Fried food tastes great. Well it tastes great for the 5 minutes you’re eating it but think about the affects it will have on you after the minutes, hours, days and years. It’s doing massive amounts of damage to your insides and overall appearance. Fried food such as hot chips, meat pies and sausage rolls have a long-term devastating effect on your cholesterol count. High cholesterol means you’re at high risk of a heart attack. According to the Australian Bureau of Statistics, heart disease accounted for 21,708 of deaths in Australia in 2010. DO everything in your power, starting from TODAY, to make sure you’re at less risk of a heart attack. Start by eating less fried foods.

DON’T: Drink excessive amounts of alcohol

Alcohol is a great relaxant… in moderation. In excess, it causes weight gain thanks to the calories and sugars it contains. It also contributes to liver disease. Excess amounts of alcohol cause your liver to deteriorate, which in turn makes your liver work harder than it naturally would and this can lead to liver disease.

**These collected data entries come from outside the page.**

lemma st_flow_across_cut:
  assumes "st_flow G s t F m" "finite F" "finite R" "s \<in> R" "t \<notin> R"
  shows "int (card {a\<in>F. tail G a \<in> R \<and> head G a \<notin> R})
           - int (card {a\<in>F. head G a \<in> R \<and> tail G a \<notin> R}) = int m"
proof -
  have "(\<Sum>v\<in>R. net_outflow G F v) = net_outflow G F s"
    using assms(1,5) unfolding st_flow_def sum.remove[OF assms(3,4)] by (auto intro: sum.neutral)
  then show ?thesis using sum_net_outflow[OF assms(2,3)] assms(1) by (simp add: st_flow_def)
qed

lemma cas_crossing_arc:
  "pre_digraph.cas G u p w \<Longrightarrow> u \<in> R \<Longrightarrow> w \<notin> R \<Longrightarrow>
    \<exists>a\<in>set p. tail G a \<in> R \<and> head G a \<notin> R"
proof (induction p arbitrary: u)
  case Nil
  then show ?case by (simp add: pre_digraph.cas.simps)
next
  case (Cons a p)
  then have "tail G a = u" "pre_digraph.cas G (head G a) p w"
    by (simp_all add: pre_digraph.cas.simps)
  with Cons show ?case by (cases "head G a \<in> R") auto
qed

lemma edge_disjoint_paths_arcs:
  "edge_disjoint_paths G s t P \<Longrightarrow> (\<Union>p\<in>P. set p) \<subseteq> arcs G"
  by (auto simp: edge_disjoint_paths_def pre_digraph.apath_def pre_digraph.awalk_def)

context wf_digraph
begin

lemma net_outflow_edge_disjoint_paths:
  assumes "edge_disjoint_paths G s t P" "finite P"
  shows "net_outflow G (\<Union>p\<in>P. set p) v = int (card P) * (of_bool (v = s) - of_bool (v = t))"
proof -
  have "net_outflow G (set p) v = of_bool (v = s) - of_bool (v = t)" if "p \<in> P" for p
    using that assms(1) distinct_verts_imp_distinct
    by (intro net_outflow_cas) (auto simp: edge_disjoint_paths_def apath_def awalk_def)
  then show ?thesis
    using assms by (simp add: net_outflow_UN_disjoint edge_disjoint_paths_def)
qed
text \<open>Vectors in Z^p are functions nat => int, coordinates 0..p-1 (0-based), zero elsewhere.\<close>

definition Zp :: "nat \<Rightarrow> (nat \<Rightarrow> int) set" where
  "Zp p = {n. \<forall>i. p \<le> i \<longrightarrow> n i = 0}"

definition Np :: "nat \<Rightarrow> (nat \<Rightarrow> int) set" where
  "Np p = {n \<in> Zp p. \<forall>i<p. 0 \<le> n i}"

definition ebas :: "nat \<Rightarrow> nat \<Rightarrow> int" where
  "ebas i = (\<lambda>k. if k = i then 1 else 0)"

definition eset :: "nat set \<Rightarrow> nat \<Rightarrow> int" where
  "eset J = (\<lambda>k. if k \<in> J then 1 else 0)"

definition vsub :: "(nat \<Rightarrow> int) \<Rightarrow> (nat \<Rightarrow> int) \<Rightarrow> nat \<Rightarrow> int" where
  "vsub u w = (\<lambda>k. u k - w k)"

definition vadd :: "(nat \<Rightarrow> int) \<Rightarrow> (nat \<Rightarrow> int) \<Rightarrow> nat \<Rightarrow> int" where
  "vadd u w = (\<lambda>k. u k + w k)"

definition vnorm :: "nat \<Rightarrow> (nat \<Rightarrow> int) \<Rightarrow> int" where
  "vnorm p n = (\<Sum>i<p. n i)"

definition polymatroid :: "nat \<Rightarrow> (nat \<Rightarrow> int) set \<Rightarrow> bool" where
  "polymatroid p P \<longleftrightarrow> finite P \<and> P \<subseteq> Np p
     \<and> (\<forall>u\<in>P. \<forall>v\<in>P. vnorm p u = vnorm p v)
     \<and> (\<forall>u\<in>P. \<forall>v\<in>P. \<forall>i<p. u i > v i \<longrightarrow>
           (\<exists>j<p. u j < v j \<and> vadd (vsub u (ebas i)) (ebas j) \<in> P))"

definition rk :: "nat \<Rightarrow> (nat \<Rightarrow> int) set \<Rightarrow> int" where
  "rk p P = vnorm p (SOME u. u \<in> P)"

definition indep_pts :: "nat \<Rightarrow> (nat \<Rightarrow> int) set \<Rightarrow> (nat \<Rightarrow> int) set" where
  "indep_pts p P = {n \<in> Np p. \<exists>u\<in>P. n \<le> u}"

definition ind :: "(nat \<Rightarrow> int) set \<Rightarrow> (nat \<Rightarrow> int) \<Rightarrow> real" where
  "ind P n = (if n \<in> P then 1 else 0)"

definition tmon :: "nat \<Rightarrow> (nat \<Rightarrow> real) \<Rightarrow> (nat \<Rightarrow> int) \<Rightarrow> real" where
  "tmon p t n = (\<Prod>i<p. t i powi n i)"

definition Cave :: "nat \<Rightarrow> (nat \<Rightarrow> int) set \<Rightarrow> (nat \<Rightarrow> real) \<Rightarrow> real" where
  "Cave p P t = (\<Sum>n\<in>{n \<in> Np p. vnorm p n = rk p P}.
      ind P n * (\<Prod>i<p - 1.
         (1 - (if \<exists>j. i < j \<and> j < p \<and> vadd (vsub n (ebas i)) (ebas j) \<in> P then 1 else 0) * inverse (t i)))
      * tmon p t n)"

text \<open>Lexicographic order given by a total ordering sigma 0,...,sigma (p-1) of the indices.\<close>
definition lex_less :: "nat \<Rightarrow> (nat \<Rightarrow> nat) \<Rightarrow> (nat \<Rightarrow> int) \<Rightarrow> (nat \<Rightarrow> int) \<Rightarrow> bool" where
  "lex_less p \<sigma> u v \<longleftrightarrow> u \<noteq> v \<and>
     (\<exists>k<p. (\<forall>l<k. u (\<sigma> l) = v (\<sigma> l)) \<and> u (\<sigma> k) < v (\<sigma> k))"

definition Lset :: "nat \<Rightarrow> (nat \<Rightarrow> int) \<Rightarrow> (nat \<Rightarrow> int) set \<Rightarrow> nat set" where
  "Lset p u V = {l. l < p \<and> (\<exists>j<p. vadd (vsub u (ebas l)) (ebas j) \<in> V)}"

definition St :: "nat \<Rightarrow> (nat \<Rightarrow> int) \<Rightarrow> (nat \<Rightarrow> int) set \<Rightarrow> (nat \<Rightarrow> int) set" where
  "St p u V = {vsub u (eset J) | J. J \<subseteq> Lset p u V}"

text \<open>Number of stalactites St(a_k; {a_1,...,a_(k-1)}) containing n; note {a_1..a_(k-1)} = {v in P. v < a_k}.\<close>
definition cnt :: "nat \<Rightarrow> (nat \<Rightarrow> nat) \<Rightarrow> (nat \<Rightarrow> int) set \<Rightarrow> (nat \<Rightarrow> int) \<Rightarrow> nat" where
  "cnt p \<sigma> P n = card {u \<in> P. n \<in> St p u {v \<in> P. lex_less p \<sigma> v u}}"

definition Stal :: "nat \<Rightarrow> (nat \<Rightarrow> nat) \<Rightarrow> (nat \<Rightarrow> int) set \<Rightarrow> (nat \<Rightarrow> real) \<Rightarrow> real" where
  "Stal p \<sigma> P t = (\<Sum>n\<in>indep_pts p P.
      (-1) ^ nat (rk p P - vnorm p n) * real (cnt p \<sigma> P n) * tmon p t n)"
lemma nn_integral_chord_exit_distance:
  fixes r :: real
  shows "(\<integral>\<^sup>+y. ennreal (if r + y\<^sup>2 < 1 then sqrt (1 - r) - y else 0) \<partial>lborel)
       = ennreal (2 * max 0 (1 - r))"
proof (cases "r < 1")
  case True
  define h where "h = sqrt (1 - r)"
  have h: "h > 0" "h\<^sup>2 = 1 - r"
    using True by (simp_all add: h_def)
  have chord: "r + y\<^sup>2 < 1 \<longleftrightarrow> y \<in> {-h<..<h}" for y
  proof -
    have "r + y\<^sup>2 < 1 \<longleftrightarrow> \<not> h\<^sup>2 \<le> y\<^sup>2"
      using h by linarith
    also have "\<dots> \<longleftrightarrow> \<bar>y\<bar> < h"
      using abs_le_square_iff[of h y] h by auto
    finally show ?thesis
      by auto
  qed
  have "AE y in lborel. ennreal (if r + y\<^sup>2 < 1 then sqrt (1 - r) - y else 0)
          = ennreal (h - y) * indicator {-h..h} y"
    using AE_lborel_singleton[of h] AE_lborel_singleton[of "-h"]
    by eventually_elim (auto simp: chord h_def[symmetric] indicator_def)
  then have "(\<integral>\<^sup>+y. ennreal (if r + y\<^sup>2 < 1 then sqrt (1 - r) - y else 0) \<partial>lborel)
      = (\<integral>\<^sup>+y. ennreal (h - y) * indicator {-h..h} y \<partial>lborel)"
    by (rule nn_integral_cong_AE)
  also have "\<dots> = ennreal (2 * h\<^sup>2)"
  proof (rule nn_integral_has_integral_lebesgue')
    have "((\<lambda>y. h - y) has_integral ((h * h - h\<^sup>2 / 2) - (h * (-h) - (-h)\<^sup>2 / 2))) {-h..h}"
      using h by (intro fundamental_theorem_of_calculus)
        (auto intro!: derivative_eq_intros simp: has_real_derivative_iff_has_vector_derivative[symmetric])
    then show "((\<lambda>y. h - y) has_integral 2 * h\<^sup>2) {-h..h}"
      by (simp add: power2_eq_square algebra_simps)
  qed simp
  finally show ?thesis
    using h True by simp
next
  case False
  then have "\<not> r + y\<^sup>2 < 1" for y
    by (smt (verit) zero_le_power2)
  with False show ?thesis
    by simp
qed

lemma emeasure_PiM_lborel_cball:
  assumes J: "finite J" "J \<noteq> {}"
  shows "emeasure (Pi\<^sub>M J (\<lambda>_. lborel))
      ({g. sqrt (\<Sum>i\<in>J. (g i)\<^sup>2) \<le> s} \<inter> space (Pi\<^sub>M J (\<lambda>_. lborel)))
    = ennreal (unit_ball_vol (card J) * max 0 s ^ card J)"
proof (cases "s > 0")
  case False
  interpret product_sigma_finite "\<lambda>_::'i. lborel::real measure"
    by standard
  have "g i = 0" if "sqrt (\<Sum>i\<in>J. (g i)\<^sup>2) \<le> s" "i \<in> J" for g i
  proof -
    have "(\<Sum>i\<in>J. (g i)\<^sup>2) = 0"
      using that(1) False by (smt (verit) real_sqrt_ge_zero real_sqrt_eq_zero_cancel_iff sum_nonneg zero_le_power2)
    then show ?thesis
      using that(2) J(1) by (simp add: sum_nonneg_eq_0_iff)
  qed
  then have sub: "{g. sqrt (\<Sum>i\<in>J. (g i)\<^sup>2) \<le> s} \<inter> space (Pi\<^sub>M J (\<lambda>_. lborel))
      \<subseteq> Pi\<^sub>E J (\<lambda>_. {0})"
    by (intro subsetI PiE_I) (auto simp: space_PiM PiE_def extensional_def)
  have "Pi\<^sub>E J (\<lambda>_. {0::real}) \<in> sets (Pi\<^sub>M J (\<lambda>_. lborel))"
    using J by (intro sets_PiM_I_finite) auto
  moreover have "emeasure (Pi\<^sub>M J (\<lambda>_. lborel)) (Pi\<^sub>E J (\<lambda>_. {0::real})) = 0"
    using J by (subst emeasure_PiM) auto
  ultimately show ?thesis
    using emeasure_eq_0[OF _ _ sub] False J by (simp add: max_def card_gt_0_iff)
qed (use assms emeasure_cball_aux in simp)
text \<open>Since \<open>A (F\<^sub>j\<^sub>' + r') = F\<^sub>j\<^sub>'\<^sub>+\<^sub>1 - A r'\<close> and moving the Fibonacci index by two flips the sign
  of \<open>\<Delta>\<close>, the argument is reduced to \<open>A r'\<close> or to \<open>F\<^sub>j\<^sub>' + A r'\<close>, according to the parity of \<open>j - j'\<close>.\<close>
lemma Delta_fib_minus_A_fib_plus:
  assumes "j' + 2 \<le> j" "j' \<ge> 2" "1 \<le> r'" "r' \<le> fib (j' - 1)" "Delta (A r') \<in> {-2, 0, 2}"
  shows "Delta (fib (Suc j) - A (fib j' + r')) \<in> {-2, 0, 2}"
proof -
  define s where "s = A (fib j' + r')"
  have Ar': "1 \<le> A r'" "A r' \<le> fib (j' - 1)" using A_pos A_le_fib assms by auto
  have fib_j': "fib (Suc j') = fib j' + fib (j' - 1)" using fib_Suc_eq_add_pred[of j'] assms by simp
  have s: "s = fib (Suc j') - A r'" using A_fib_plus assms s_def by simp
  have "s < fib (Suc j')" using s Ar' fib_j' by simp
  then have s_bounds: "1 \<le> s" "s < fib (Suc j')" "s < fib (Suc (Suc j'))"
    using A_pos[of "fib j' + r'"] assms s_def fib_Suc_mono[of "Suc j'"] by auto
  have "\<exists>i. j = j' + 2 * i \<or> j = Suc j' + 2 * i" using assms(1) by presburger
  then obtain i where "j = j' + 2 * i \<or> j = Suc j' + 2 * i" by blast
  then have "Delta (fib (Suc j) - s) \<in> {-2, 0, 2}"
  proof
    assume "j = j' + 2 * i"
    then have k: "Suc j' + 2 * i = Suc j" by simp
    have "fib (Suc j') - s = A r'" using s Ar' fib_j' by simp
    then have "Delta (fib (Suc j') - s) \<in> {-2, 0, 2}" using assms(5) by simp
    then show ?thesis
      by (rule Delta_fib_minus_iterate[of "Suc j'" s i, unfolded k, rotated 3])
        (use assms(2) s_bounds in auto)
  next
    assume "j = Suc j' + 2 * i"
    then have k: "Suc (Suc j') + 2 * i = Suc j" by simp
    have "fib (Suc (Suc j')) - s = fib j' + A r'" using s Ar' fib_j' by simp
    then have "Delta (fib (Suc (Suc j')) - s) \<in> {-2, 0, 2}"
      using Delta_fib_plus_A[OF assms(2-5)] by simp
    then show ?thesis
      by (rule Delta_fib_minus_iterate[of "Suc (Suc j')" s i, unfolded k, rotated 3])
        (use assms(2) s_bounds in auto)
  qed
  then show ?thesis unfolding s_def .
qed

lemma Delta_A: "n \<ge> 1 \<Longrightarrow> Delta (A n) \<in> {-2, 0, 2}"
proof (induction n rule: less_induct)
  case (less n)
  show ?case
  proof (cases "n \<ge> 3")
    case False
    then have "n = 1 \<or> n = 2" using less.prems by auto
    then show ?thesis using Delta_1 by auto
  next
    case True
    then have "n \<ge> 2" by simp
    then obtain j r where split: "j \<ge> 2" "1 \<le> r" "r \<le> fib (j - 1)" "n = fib j + r"
      using fib_split by blast
    have "j \<ge> 3" using split True by (cases "j = 2") (auto simp: numeral_2_eq_2)
    have An: "A n = fib (Suc j) - A r" using A_fib_plus split by simp
    show ?thesis
    proof (cases "r = 1")
      case True
      then show ?thesis using An Delta_fib_minus_1[of "Suc j"] \<open>j \<ge> 3\<close> by simp
    next
      case False
      then have "r \<ge> 2" using split by simp
      then obtain j' r' where split': "j' \<ge> 2" "1 \<le> r'" "r' \<le> fib (j' - 1)" "r = fib j' + r'"
        using fib_split by blast
      have "fib j' < fib (j - 1)" using split split' by simp
      then have "j' + 2 \<le> j" using fib_less_fibD[of j' "j - 1"] by simp
      moreover have "Delta (A r') \<in> {-2, 0, 2}"
        using less.IH[of r'] split split' fib_neq_0_nat[of j] by simp
      ultimately show ?thesis using Delta_fib_minus_A_fib_plus split'(1-3) An split'(4) by simp
    qed
  qed
qed

lemma A_A_B_minus_A_B_A: "int (A (A (B n))) - int (A (B (A n))) \<in> {-2, 0, 2}"
proof (cases "X n = 0")
  case True
  then show ?thesis unfolding X_def by simp
next
  case False
  then have "A (B n) = B (A n) + 1" using X_cases[of n] unfolding X_def by simp
  moreover have "n \<noteq> 0" using False by (cases "n = 0") auto
  ultimately show ?thesis using Delta_A[of n] unfolding Delta_def by simp
qed

definition rho :: "nat \<Rightarrow> real" where "rho n = real (A n) * phi - real (B (A n)) - 1/2"

lemma rounds_up_A: "rounds_up (A n) = (if rho n \<ge> 0 then 1 else 0)"
  unfolding rounds_up_def rho_def by simp

lemma rho_fib_plus:
  assumes "j \<ge> 2" "1 \<le> r" "r \<le> fib (j - 1)"
  shows "rho (fib j + r) = - rho r - psi ^ (j + 1)"
proof -
  have "A r \<le> fib (j - 1)" using A_le_fib[of r "j - 1"] assms by simp
  also have "fib (j - 1) \<le> fib (Suc j)" by (intro fib_mono) simp
  finally have "A r \<le> fib (Suc j)" .
  then have A: "real (A (fib j + r)) = real (fib (Suc j)) - real (A r)"
    using A_fib_plus[OF assms] by (simp add: of_nat_diff)
  have B: "real (B (A (fib j + r))) = real (fib (Suc (Suc j))) - real (B (A r)) - 1"
    using B_A_fib_plus[OF assms] by linarith
  have "rho (fib j + r)
      = phi * real (fib (Suc j)) - real (fib (Suc (Suc j))) - (real (A r) * phi - real (B (A r)) - 1/2)"
    unfolding rho_def A B by (simp add: algebra_simps)
  also have "\<dots> = - rho r - psi ^ (j + 1)"
    unfolding rho_def phi_mult_fib by simp
  finally show ?thesis .
qed

text \<open>The constant satisfies \<open>c = 1 + c \<tau>\<^sup>3\<close>, so the margin \<open>\<tau>\<^sup>j\<^sup>+\<^sup>1\<close> consumed by one step of the
  recursion for \<open>\<rho>\<close> is paid for by moving the bound three powers of \<open>\<tau>\<close> down.\<close>
definition sep_const :: real where "sep_const = 1 / (2 - 2 * tau)"

definition separated :: "nat \<Rightarrow> real \<Rightarrow> bool" where
  "separated J D \<longleftrightarrow>
     D \<ge> sep_const * tau ^ (J + 3 + J mod 2) \<or> D \<le> - (sep_const * tau ^ (J + 4 - J mod 2))"

lemma tau_cube: "tau ^ 3 = 2 * tau - 1"
proof -
  have "tau ^ 3 = tau * (tau * tau)" by (simp add: power3_eq_cube)
  then show ?thesis using tau_sq by (simp add: algebra_simps)
qed

lemma sep_const_pos: "sep_const > 0" using tau_less_1 by (simp add: sep_const_def)

lemma sep_const_eq: "sep_const = 1 + sep_const * tau ^ 3"
  using tau_less_1 unfolding sep_const_def tau_cube by (simp add: field_simps)

lemma sep_const_tau_power_pos: "sep_const * tau ^ a > 0"
  using sep_const_pos tau_pos by simp

lemma sep_const_tau_power_antimono: "a \<le> b \<Longrightarrow> sep_const * tau ^ b \<le> sep_const * tau ^ a"
  using sep_const_pos tau_pos tau_less_1 by (intro mult_left_mono power_decreasing) auto

lemma sep_const_tau_power_split: "sep_const * tau ^ (j + 1) = tau ^ (j + 1) + sep_const * tau ^ (j + 4)"
proof -
  have "sep_const * tau ^ (j + 1) = (1 + sep_const * tau ^ 3) * tau ^ (j + 1)" using sep_const_eq by simp
  also have "\<dots> = tau ^ (j + 1) + sep_const * (tau ^ 3 * tau ^ (j + 1))" by (simp add: algebra_simps)
  also have "tau ^ 3 * tau ^ (j + 1) = tau ^ (j + 4)" by (subst power_add[symmetric]) (simp add: add.commute)
  finally show ?thesis .
qed

lemma psi_power_parity: "psi ^ k = (if even k then tau ^ k else - (tau ^ k))"
  unfolding psi_eq by (simp add: power_minus')

lemma separated_nonzero: "separated J D \<Longrightarrow> D \<noteq> 0"
  unfolding separated_def using sep_const_tau_power_pos
  by (metis add_le_same_cancel1 le_minus_iff linorder_not_le neg_0_le_iff_le)

lemma separated_step_pos:
  assumes "D \<ge> sep_const * tau ^ (J + 3 + J mod 2)" "J + 2 \<le> j"
  shows "- D - psi ^ (j + 1) \<le> - (sep_const * tau ^ (j + 4 - j mod 2))"
proof (cases "even j")
  case True
  then have "J + 3 + J mod 2 \<le> j + 1" using assms(2) by presburger
  then have "D \<ge> sep_const * tau ^ (j + 1)" using assms(1) sep_const_tau_power_antimono by (meson order_trans)
  moreover have "psi ^ (j + 1) = - (tau ^ (j + 1))" using True by (subst psi_power_parity) simp
  moreover have "j + 4 - j mod 2 = j + 4" using True by simp
  ultimately show ?thesis using sep_const_tau_power_split[of j] by simp
next
  case False
  then have "J + 3 + J mod 2 \<le> j + 3" using assms(2) by presburger
  then have "D \<ge> sep_const * tau ^ (j + 3)" using assms(1) sep_const_tau_power_antimono by (meson order_trans)
  moreover have "psi ^ (j + 1) = tau ^ (j + 1)" using False by (subst psi_power_parity) simp
  moreover have "j + 4 - j mod 2 = j + 3" using False by presburger
  ultimately show ?thesis using tau_power_pos[of "j + 1"] by simp
qed

lemma separated_step_neg:
  assumes "D \<le> - (sep_const * tau ^ (J + 4 - J mod 2))" "J + 2 \<le> j"
  shows "- D - psi ^ (j + 1) \<ge> sep_const * tau ^ (j + 3 + j mod 2)"
proof (cases "even j")
  case True
  then have "J + 4 - J mod 2 \<le> j + 3" using assms(2) by presburger
  then have "- D \<ge> sep_const * tau ^ (j + 3)"
    using assms(1) sep_const_tau_power_antimono by (meson order_trans le_minus_iff)
  moreover have "psi ^ (j + 1) = - (tau ^ (j + 1))" using True by (subst psi_power_parity) simp
  moreover have "j + 3 + j mod 2 = j + 3" using True by simp
  ultimately show ?thesis using tau_power_pos[of "j + 1"] by simp
next
  case False
  then have "J + 4 - J mod 2 \<le> j + 1" using assms(2) by presburger
  then have "- D \<ge> sep_const * tau ^ (j + 1)"
    using assms(1) sep_const_tau_power_antimono by (meson order_trans le_minus_iff)
  moreover have "psi ^ (j + 1) = tau ^ (j + 1)" using False by (subst psi_power_parity) simp
  moreover have "j + 3 + j mod 2 = j + 4" using False by presburger
  ultimately show ?thesis using sep_const_tau_power_split[of j] by (simp only:)
qed

lemma separated_step:
  assumes "separated J D" "J + 2 \<le> j"
  shows "separated j (- D - psi ^ (j + 1)) \<and> (D > 0 \<longleftrightarrow> - D - psi ^ (j + 1) < 0)"
proof -
  have pos: "sep_const * tau ^ a > 0" for a by (rule sep_const_tau_power_pos)
  consider "D \<ge> sep_const * tau ^ (J + 3 + J mod 2)" | "D \<le> - (sep_const * tau ^ (J + 4 - J mod 2))"
    using assms(1) unfolding separated_def by blast
  then show ?thesis
  proof cases
    case 1
    then have "- D - psi ^ (j + 1) \<le> - (sep_const * tau ^ (j + 4 - j mod 2))"
      using separated_step_pos assms(2) by blast
    then show ?thesis
      unfolding separated_def using 1 pos[of "J + 3 + J mod 2"] pos[of "j + 4 - j mod 2"] by auto
  next
    case 2
    then have "- D - psi ^ (j + 1) \<ge> sep_const * tau ^ (j + 3 + j mod 2)"
      using separated_step_neg assms(2) by blast
    then show ?thesis
      unfolding separated_def using 2 pos[of "J + 4 - J mod 2"] pos[of "j + 3 + j mod 2"] by auto
  qed
qed

lemma rho_1: "rho 1 = sep_const * tau ^ 5"
proof -
  have "tau ^ 5 = tau ^ 3 * (tau * tau)" by (simp add: eval_nat_numeral)
  then have "tau ^ 5 = 5 * tau - 3" using tau_sq tau_cube by (simp add: algebra_simps)
  then have "sep_const * tau ^ 5 = tau - 1/2"
    using tau_less_1 tau_sq unfolding sep_const_def by (simp add: field_simps)
  then show ?thesis unfolding rho_def by (simp add: phi_eq)
qed

text \<open>The index \<open>j\<close> with \<open>F\<^sub>j < n \<le> F\<^sub>j\<^sub>+\<^sub>1\<close>; \<open>n = 1\<close> gets level 1 instead of the natural 0,
  as the bound on \<open>\<rho> 1\<close> requires.\<close>
definition level :: "nat \<Rightarrow> nat" where "level n = (if n \<le> 1 then 1 else fibidx n)"

lemma level_fib_plus:
  assumes "j \<ge> 2" "1 \<le> r" "r \<le> fib (j - 1)"
  shows "level (fib j + r) = j"
  using assms fib_Suc_eq_add_pred[of j] fib_neq_0_nat[of j] unfolding level_def
  by (auto intro: fibidx_eqI)

lemma level_add_2_le:
  assumes "j \<ge> 3" "1 \<le> r" "r \<le> fib (j - 1)"
  shows "level r + 2 \<le> j"
proof (cases "r \<le> 1")
  case False
  then have "fib (fibidx r) < fib (j - 1)" using fibidx_bounds(1)[of r] assms by simp
  then show ?thesis using False fib_less_fibD unfolding level_def by fastforce
qed (use assms in \<open>simp add: level_def\<close>)

lemma separated_rho: "n \<ge> 1 \<Longrightarrow> separated (level n) (rho n)"
proof (induction n rule: fib_split_induct)
  case one
  then show ?case using rho_1 by (simp add: separated_def level_def)
next
  case (split j r)
  show ?case
  proof (cases "j = 2")
    case True
    then have "fib j + r = 2" "rho 2 = rho 1" using split by (simp_all add: rho_def)
    moreover have "fibidx 2 = 2" by (rule fibidx_eqI) (simp_all add: fib_3)
    ultimately show ?thesis using rho_1 by (simp add: separated_def level_def)
  next
    case False
    then have "level r + 2 \<le> j" using split level_add_2_le by simp
    then show ?thesis using separated_step split rho_fib_plus level_fib_plus by simp
  qed
qed

lemma rounds_up_A_fib_plus:
  assumes "j \<ge> 3" "1 \<le> r" "r \<le> fib (j - 1)"
  shows "rounds_up (A (fib j + r)) = 1 - rounds_up (A r)"
proof -
  have "separated (level r) (rho r)" using separated_rho assms by simp
  then have "rho r \<noteq> 0" "rho r > 0 \<longleftrightarrow> - rho r - psi ^ (j + 1) < 0"
    using separated_nonzero separated_step level_add_2_le[OF assms] by auto
  moreover have "rho (fib j + r) = - rho r - psi ^ (j + 1)" using rho_fib_plus[of j r] assms by simp
  ultimately show ?thesis unfolding rounds_up_A by auto
qed

lemma rounds_up_1: "rounds_up 1 = 1"
  using rounds_up_A[of 1] rho_1 sep_const_tau_power_pos[of 5] by simp

definition std_word :: "nat \<Rightarrow> nat list" where "std_word k = (fib_morph ^^ k) [0]"

lemma fib_morph_append: "fib_morph (u @ v) = fib_morph u @ fib_morph v"
  unfolding fib_morph_def by simp

lemma std_word_0: "std_word 0 = [0]" and std_word_1: "std_word (Suc 0) = [0, 1]"
  unfolding std_word_def fib_morph_def by simp_all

Arthritis, heart disease, kidney disease and nervous disorders are just some other results of excess alcohol.

So how much is excess alcohol? Active men should not drink more than four standard drinks per day and NEVER more than six standard drinks in one day. Women should drink no more than two standard drinks per day. EVERYONE should have at least two alcohol free days per week.

Your action starts NOW

Leading a healthy lifestyle is about creating good habits. Concentrate on some of the DO’s in this article and stick to it for a minimum of 3 weeks. Once you get into the routine and habit of eating healthy, exercising regularly and not drinking so much, it will become a way of LIFE. That LIFE will also have a much bigger chance of being longer which means you’ll be there for your family and you’ll ALL be much happier.

IMPORTANT NOTE: This health and well-being information is not intended to replace advice that might be provided by a medical professional. The information is general in nature, it may be incomplete and may be unsuited to your personal circumstances. Mining People International does not accept liability for any action taken by any person as a result of this general information.